*Stored data*

[Start of section]

lemma zw_polynomial_prod:
  "(\<And>x. x \<in> I \<Longrightarrow> zw_polynomial (f x)) \<Longrightarrow> zw_polynomial (\<lambda>z w. \<Prod>x\<in>I. f x z w)"
  by (induction I rule: infinite_finite_induct) (auto intro: zw_polynomial.intros)

lemma zw_polynomial_power: "zw_polynomial f \<Longrightarrow> zw_polynomial (\<lambda>z w. f z w ^ n)"
  by (induction n) (auto intro: zw_polynomial.intros)

lemma zw_polynomial_monom_z: "zw_polynomial (\<lambda>z w. monom A z)"
  unfolding monom_def by (intro zw_polynomial_prod zw_polynomial_power zw_polynomial.coord_z)

lemma zw_polynomial_monom_w: "zw_polynomial (\<lambda>z w. monom A w)"
  unfolding monom_def by (intro zw_polynomial_prod zw_polynomial_power zw_polynomial.coord_w)

lemma zw_polynomial_hpoly: "zw_polynomial (\<lambda>z w. hpoly c z)"
  unfolding hpoly_def by (intro zw_polynomial_sum zw_polynomial.mult zw_polynomial.const zw_polynomial_monom_z)

lemma zw_polynomial_psig: "zw_polynomial (psig m c \<nu>)"
  unfolding psig_def case_prod_unfold
  by (intro zw_polynomial_sum zw_polynomial.mult zw_polynomial.const zw_polynomial_monom_z zw_polynomial_monom_w)

lemma holomorphic_on_zw_polynomial:
  assumes "zw_polynomial H" "\<And>j. (\<lambda>t. u t $ j) holomorphic_on UNIV" "\<And>j. (\<lambda>t. v t $ j) holomorphic_on UNIV"
  shows "(\<lambda>t. H (u t) (v t)) holomorphic_on UNIV"
  using assms by (induction rule: zw_polynomial.induct) (auto intro!: holomorphic_intros)

lemma continuous_on_zw_polynomial: "zw_polynomial H \<Longrightarrow> continuous_on UNIV (\<lambda>z. H z w)"
  by (induction rule: zw_polynomial.induct) (auto intro!: continuous_intros)

definition partial_z :: "'n \<Rightarrow> (complex^'n \<Rightarrow> complex^'n \<Rightarrow> complex) \<Rightarrow> complex^'n \<Rightarrow> complex^'n \<Rightarrow> complex" where
  "partial_z j F z w = deriv (\<lambda>t. F (\<chi> k. if k = j then t else z $ k) w) (z $ j)"

lemma Qop_eq_sum_partial_z: "Qop qc F = (\<lambda>z w. \<Sum>j\<in>UNIV. hpoly (qc j) z * partial_z j F z w)"
  by (simp add: Qop_def partial_z_def fun_eq_iff)

lemma vec_update_same: "(\<chi> k. if k = j then z $ j else z $ k) = z"
  by (simp add: vec_eq_iff)

lemma holomorphic_on_vec_update:
  "f holomorphic_on UNIV \<Longrightarrow> (\<lambda>t. (\<chi> k. if k = j then f t else z $ k) $ i) holomorphic_on UNIV"
  by (cases "i = j") (auto intro!: holomorphic_intros)

lemma has_field_derivative_partial_z:
  assumes "zw_polynomial H"
  shows "((\<lambda>t. H (\<chi> k. if k = j then t else z $ k) w) has_field_derivative partial_z j H z w) (at (z $ j))"
proof -
  have "(\<lambda>t. H (\<chi> k. if k = j then t else z $ k) w) holomorphic_on UNIV"
    using holomorphic_on_zw_polynomial[OF assms, of "\<lambda>t. \<chi> k. if k = j then t else z $ k" "\<lambda>_. w"]
      holomorphic_on_vec_update[OF holomorphic_on_ident, of j z]
    by simp
  then have "(\<lambda>t. H (\<chi> k. if k = j then t else z $ k) w) field_differentiable at (z $ j)"
    by (rule holomorphic_on_imp_differentiable_at) auto
  then show ?thesis
    unfolding partial_z_def by (simp add: DERIV_deriv_iff_field_differentiable)
qed

lemma partial_z_eqI:
  "zw_polynomial H \<Longrightarrow> ((\<lambda>t. H (\<chi> k. if k = j then t else z $ k) w) has_field_derivative D) (at (z $ j))
    \<Longrightarrow> partial_z j H z w = D"
  using has_field_derivative_partial_z DERIV_unique by blast

lemma partial_z_const: "partial_z j (\<lambda>z w. a) z w = 0"
  by (rule partial_z_eqI) (auto intro: zw_polynomial.const)

lemma partial_z_coord_z: "partial_z j (\<lambda>z w. z $ i) z w = (if j = i then 1 else 0)"
  by (rule partial_z_eqI) (auto intro: zw_polynomial.coord_z intro!: derivative_eq_intros)

lemma partial_z_coord_w: "partial_z j (\<lambda>z w. w $ i) z w = 0"
  by (rule partial_z_eqI) (auto intro: zw_polynomial.coord_w)

lemma partial_z_add:
  "zw_polynomial f \<Longrightarrow> zw_polynomial g \<Longrightarrow>
    partial_z j (\<lambda>z w. f z w + g z w) z w = partial_z j f z w + partial_z j g z w"
  by (rule partial_z_eqI) (auto intro: zw_polynomial.add intro!: derivative_eq_intros has_field_derivative_partial_z)

lemma partial_z_mult:
  "zw_polynomial f \<Longrightarrow> zw_polynomial g \<Longrightarrow>
    partial_z j (\<lambda>z w. f z w * g z w) z w = partial_z j f z w * g z w + f z w * partial_z j g z w"
  by (rule partial_z_eqI)
    (auto intro: zw_polynomial.mult intro!: derivative_eq_intros has_field_derivative_partial_z simp: vec_update_same)

lemma zw_polynomial_partial_z: "zw_polynomial H \<Longrightarrow> zw_polynomial (partial_z j H)"
proof (induction rule: zw_polynomial.induct)
  case (add f g)
  then have "partial_z j (\<lambda>z w. f z w + g z w) = (\<lambda>z w. partial_z j f z w + partial_z j g z w)"
    by (simp add: fun_eq_iff partial_z_add)
  with add.IH show ?case
    by (simp add: zw_polynomial.add)
next
  case (mult f g)
  then have "partial_z j (\<lambda>z w. f z w * g z w) =
      (\<lambda>z w. partial_z j f z w * g z w + f z w * partial_z j g z w)"
    by (simp add: fun_eq_iff partial_z_mult)
  with mult show ?case
    by (simp add: zw_polynomial.add zw_polynomial.mult)
next
  case (coord_z i)
  have "partial_z j (\<lambda>z w. z $ i) = (\<lambda>z w. if j = i then 1 else 0)"
    by (simp add: fun_eq_iff partial_z_coord_z)
  then show ?case
    by (simp add: zw_polynomial.const)
qed (simp_all add: fun_eq_iff partial_z_const partial_z_coord_w zw_polynomial.const)

lemma zw_polynomial_Qop: "zw_polynomial F \<Longrightarrow> zw_polynomial (Qop qc F)"
  unfolding Qop_eq_sum_partial_z
  by (intro zw_polynomial_sum zw_polynomial.mult zw_polynomial_hpoly zw_polynomial_partial_z)

lemma zw_polynomial_funpow_Qop: "zw_polynomial F \<Longrightarrow> zw_polynomial ((Qop qc ^^ k) F)"
  by (induction k) (auto intro: zw_polynomial_Qop)

lemma has_field_derivative_zw_polynomial_chain:
  assumes "zw_polynomial H" "\<And>j. ((\<lambda>s. \<phi> s $ j) has_field_derivative \<phi>' j) (at t)"
  shows "((\<lambda>s. H (\<phi> s) w) has_field_derivative (\<Sum>j\<in>UNIV. partial_z j H (\<phi> t) w * \<phi>' j)) (at t)"
  using assms
proof (induction rule: zw_polynomial.induct)
  case (coord_z i)
  then show ?case by (simp add: partial_z_coord_z if_distrib[of "\<lambda>x. x * _"] cong: if_cong)
next
  case (add f g)
  then show ?case
    by (auto intro!: derivative_eq_intros simp: partial_z_add sum.distrib algebra_simps)
next
  case (mult f g)
  then show ?case
    by (auto intro!: derivative_eq_intros
        simp: partial_z_mult sum.distrib algebra_simps sum_distrib_left sum_distrib_right)
qed (auto simp: partial_z_const partial_z_coord_w intro!: derivative_eq_intros)

lemma has_field_derivative_along_integral_curve:
  assumes "zw_polynomial F" "integral_curve qc \<phi> D" "t \<in> D"
  shows "((\<lambda>s. F (\<phi> s) w) has_field_derivative Qop qc F (\<phi> t) w) (at t)"
proof -
  have "((\<lambda>s. F (\<phi> s) w) has_field_derivative
      (\<Sum>j\<in>UNIV. partial_z j F (\<phi> t) w * (vfield qc (\<phi> t) $ j))) (at t)"
    using assms by (intro has_field_derivative_zw_polynomial_chain) (auto simp: integral_curve_def)
  then show ?thesis
    by (simp add: Qop_eq_sum_partial_z vfield_def mult.commute)
qed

[End of section]

*Exercise prompt*
Your response should be the lines above from the first to the one containing "by (induction I", inclusive, each given exactly.

*Finished task*
lemma zw_polynomial_prod:
  "(\<And>x. x \<in> I \<Longrightarrow> zw_polynomial (f x)) \<Longrightarrow> zw_polynomial (\<lambda>z w. \<Prod>x\<in>I. f x z w)"
  by (induction I rule: infinite_finite_induct) (auto intro: zw_polynomial.intros)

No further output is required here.